Dass Handlungsbedarf besteht, sieht auch die grüne Verbraucherschutzministerin Renate Künast. Sollte sie weitermachen dürfen, will die Ministerin in den kommenden Jahren vor allem folgende Themen anpacken: den grauen Kapitalmarkt, den Schutz von Versicherungskunden, das private Baurecht und die Rechte der Fahrgäste im öffentlichen Verkehr. Zudem will Künast ihr Lieblingskind – das Verbraucherinformationsgesetz – in einem zweiten Anlauf durch die parlamentarischen Gremien pauken. Das neue Gesetz soll Bürgern das Recht geben, sich umfassend bei Behörden zu informieren und den staatlichen Stellen die Möglichkeit einräumen, häufiger als bisher vor Produkten zu warnen. Besonders am Herzen liegt ihr zudem ein Initiativrecht, das der Verbraucherministerin künftig erlauben soll, verbraucherfreundliche Gesetze anzustoßen, wenn eigentlich andere Fachministerien zuständig wären.
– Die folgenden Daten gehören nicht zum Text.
lemma fps_eq_0_if_eval_eventually_0:
  assumes "0 < fps_conv_radius (F :: real fps)" "\<forall>\<^sub>F x in at_right 0. eval_fps F x = 0"
  shows "F = 0"
proof (rule ccontr)
  assume "F \<noteq> 0"
  define G where "G = fps_shift (subdegree F) F"
  have "fps_nth G 0 \<noteq> 0" using \<open>F \<noteq> 0\<close> by (simp add: G_def)
  have "\<forall>\<^sub>F x in at_right 0. eval_fps G x = 0"
    using assms(2) eventually_at_right_in_fps_conv_radius[OF assms(1)]
    by eventually_elim (auto simp: G_def eval_fps_shift)
  then have "(eval_fps G \<longlongrightarrow> 0) (at_right 0)" by (rule tendsto_eventually)
  moreover have "(eval_fps G \<longlongrightarrow> fps_nth G 0) (at_right 0)"
    by (rule tendsto_eval_fps_at_right) (simp add: G_def assms(1))
  ultimately have "fps_nth G 0 = 0"
    using tendsto_unique trivial_limit_at_right_real by blast
  with \<open>fps_nth G 0 \<noteq> 0\<close> show False ..
qed

lemma has_right_fps_expansion_unique:
  assumes "f has_right_fps_expansion F" "f has_right_fps_expansion G"
  shows "F = G"
proof -
  have "0 < min (fps_conv_radius F) (fps_conv_radius G)"
    using assms by (simp add: has_right_fps_expansion_def)
  then have "0 < fps_conv_radius (F - G)"
    using fps_conv_radius_diff by (rule order.strict_trans2)
  moreover have "\<forall>\<^sub>F x in at_right 0. eval_fps (F - G) x = 0"
    using assms[THEN has_right_fps_expansion_eventually]
    by eventually_elim (auto simp: eval_fps_diff)
  ultimately show ?thesis using fps_eq_0_if_eval_eventually_0 by fastforce
qed

lemma has_taylor_at0_iff_has_right_fps_expansion:
  "has_taylor_at0 f c \<longleftrightarrow> f has_right_fps_expansion Abs_fps c"
proof
  assume "has_taylor_at0 f c"
  then obtain r where "r > 0" and r: "\<And>x. 0 < x \<Longrightarrow> x < r \<Longrightarrow> (\<lambda>n. c n * x ^ n) sums f x"
    unfolding has_taylor_at0_def by blast
  have "summable (\<lambda>n. c n * (r/2) ^ n)" using r[of "r/2"] \<open>r > 0\<close> by (simp add: sums_summable)
  then have "ereal (norm (r/2)) \<le> fps_conv_radius (Abs_fps c)"
    unfolding fps_conv_radius_def fps_nth_Abs_fps by (rule conv_radius_geI)
  moreover have "0 < ereal (norm (r/2))" using \<open>r > 0\<close> by simp
  ultimately have "0 < fps_conv_radius (Abs_fps c)" by (rule order.strict_trans2[rotated])
  moreover have "\<forall>\<^sub>F x in at_right 0. f x = eval_fps (Abs_fps c) x"
    using eventually_at_right_real[OF \<open>r > 0\<close>]
  proof eventually_elim
    case (elim x)
    then show ?case using r[of x] by (simp add: eval_fps_def sums_iff)
  qed
  ultimately show "f has_right_fps_expansion Abs_fps c"
    unfolding has_right_fps_expansion_def ..
next
  assume "f has_right_fps_expansion Abs_fps c"
  from has_right_fps_expansion_eventually[OF this]
  have "\<exists>b>0. \<forall>x>0. x < b \<longrightarrow>
      0 < x \<and> ereal x < fps_conv_radius (Abs_fps c) \<and> f x = eval_fps (Abs_fps c) x"
    unfolding eventually_at_right_field .
  then obtain b where "b > 0" and b: "\<And>x. 0 < x \<Longrightarrow> x < b \<Longrightarrow>
      ereal x < fps_conv_radius (Abs_fps c) \<and> f x = eval_fps (Abs_fps c) x"
    by blast
  have "(\<lambda>n. c n * x ^ n) sums f x" if "0 < x" "x < b" for x
    using sums_eval_fps[of x "Abs_fps c"] b[OF that] that by simp
  with \<open>b > 0\<close> show "has_taylor_at0 f c" unfolding has_taylor_at0_def by blast
qed

lemma taylor_coeff_eq_fps_nth:
  assumes "f has_right_fps_expansion F"
  shows "taylor_coeff f = fps_nth F"
proof -
  have "(THE c. has_taylor_at0 f c) = fps_nth F"
  proof (rule the_equality)
    show "has_taylor_at0 f (fps_nth F)"
      using assms by (simp add: has_taylor_at0_iff_has_right_fps_expansion fps_nth_inverse)
    show "c = fps_nth F" if "has_taylor_at0 f c" for c
      using has_right_fps_expansion_unique[OF assms] that
      unfolding has_taylor_at0_iff_has_right_fps_expansion by force
  qed
  then show ?thesis by (intro ext) (simp add: taylor_coeff_def)
qed

lemma ord0_eq_subdegree:
  assumes "f has_right_fps_expansion F"
  shows "ord0 f = (if F = 0 then \<infinity> else enat (subdegree F))"
  by (simp add: ord0_def taylor_coeff_eq_fps_nth[OF assms] subdegree_def fps_nonzero_nth)

lemma analytic_at0_imp_has_right_fps_expansion:
  assumes "analytic_at0 f"
  shows "\<exists>F. f has_right_fps_expansion F \<and> fps_nth F 0 = f 0"
proof -
  obtain c r where "r > 0" and r: "\<And>x. 0 \<le> x \<Longrightarrow> x < r \<Longrightarrow> (\<lambda>n. c n * x ^ n) sums f x"
    using assms unfolding analytic_at0_def by blast
  have "has_taylor_at0 f c" unfolding has_taylor_at0_def using \<open>r > 0\<close> r by auto
  moreover have "c 0 = f 0" using sums_unique2[OF powser_sums_zero r[of 0]] \<open>r > 0\<close> by simp
  ultimately show ?thesis
    by (intro exI[of _ "Abs_fps c"]) (simp add: has_taylor_at0_iff_has_right_fps_expansion)
qed

lemma has_right_fps_expansion_subdegree_mono:
  assumes f: "f has_right_fps_expansion F" and g: "g has_right_fps_expansion G"
    and le: "\<forall>\<^sub>F x in at_right 0. 0 \<le> f x \<and> f x \<le> g x"
  shows "F = 0 \<or> subdegree G \<le> subdegree F"
proof (rule ccontr)
  assume "\<not> (F = 0 \<or> subdegree G \<le> subdegree F)"
  then have "F \<noteq> 0" and lt: "subdegree F < subdegree G" by auto
  define a where "a = subdegree F"
  define F' G' where "F' = fps_shift a F" and "G' = fps_shift a G"
  have "\<forall>\<^sub>F x in at_right 0. 0 \<le> eval_fps F' x \<and> eval_fps F' x \<le> eval_fps G' x"
    using le f[THEN has_right_fps_expansion_eventually] g[THEN has_right_fps_expansion_eventually]
  proof eventually_elim
    case (elim x)
    then have "eval_fps F' x = f x / x ^ a" "eval_fps G' x = g x / x ^ a"
      using lt by (auto simp: F'_def G'_def a_def eval_fps_shift)
    moreover have "x ^ a > 0" using elim by simp
    ultimately show ?case using elim by (simp add: divide_right_mono)
  qed
  moreover have "(eval_fps F' \<longlongrightarrow> fps_nth F a) (at_right 0)"
    using tendsto_eval_fps_at_right[of F'] f by (simp add: F'_def has_right_fps_expansion_def)
  moreover have "(eval_fps G' \<longlongrightarrow> 0) (at_right 0)"
    using tendsto_eval_fps_at_right[of G'] g lt nth_less_subdegree_zero[OF lt]
    by (simp add: G'_def a_def has_right_fps_expansion_def)
  ultimately have "0 \<le> fps_nth F a" "fps_nth F a \<le> 0"
    by (auto intro: tendsto_le[OF trivial_limit_at_right_real] elim: eventually_mono)
  with \<open>F \<noteq> 0\<close> show False by (simp add: a_def)
qed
Die Konkurrenz geht mit Künasts Verbraucherpolitik hart ins Gericht. Das Verbraucherschutzministerium sei ein „Landwirtschaftsministerium mit grünem Mantel“, kritisiert die verbraucherpolitische Sprecherin der FDP-Bundestagsfraktion, Gudrun Kopp. Zudem habe die Ministerin ein antiquiertes Verbraucherbild: „Man muss den Verbraucher nicht an die Hand nehmen“, sagt die Liberale. Stattdessen solle man Rahmenbedingungen schaffen, die es den Konsumenten erlauben, ihre Wahl zu treffen. Überflüssige Gesetze, meint Kopp, müssten aufgehoben werden, alle fünf Jahre sollten bestehende Regelungen daraufhin überprüft werden, ob man die Vorschriften überhaupt noch brauche. Des Weiteren wünscht sich die Liberale einen „Gesetzes-Tüv“: Alle neuen Gesetze sollten daraufhin kontrolliert werden, ob sie für die Verbraucher verständlich und nützlich seien.

Auch Peter Harry Carstensen, in Stoibers Kompetenzteam für Verbraucherschutz zuständig, geht mit dem Verbraucherschutzministerium hart ins Gericht: Wichtige Themen wie die Riester-Rente oder die Euro-Einführung liefen nur nebenher. Tatsächlich ist das Bundesministerium für Verbraucherschutz, Ernährung und Landwirtschaft in seinem Kern immer noch eine Agrarbehörde. Von den 950 Mitarbeitern, die das Ministerium beschäftigt, arbeiten gerade einmal gut 100 im Bereich Verbraucherschutz. Das Referat „wirtschaftlicher Verbraucherschutz“, in dem alle Fragen behandelt werden, die nicht mit Ernährung und Gesundheit zu tun haben, besteht gerade einmal aus 20 Köpfen - dass das hinten und vorne nicht reicht, dürfte auch der Ministerin klar sein.

Aber auch in dem ministerialen Kernbereich haben die politischen Gegner Schwächen ausgemacht. Insbesondere die Kontrolle von Lebensmitteln funktioniere nicht, sagen Kopp und Carstensen. Sie wünschen sich eine effektivere Überwachung, mehr Personal und einen Staatsvertrag, in dem Bund und Länder eine vernünftige Arbeitsteilung vereinbaren. Derzeit sei ein Kontrolleur für bis zu 1800 Betriebe zuständig. Mit Verbraucherschutz habe das nichts mehr zu tun. Ob die Verbraucher das auch so sehen, wird man schon bald wissen – am Sonntag.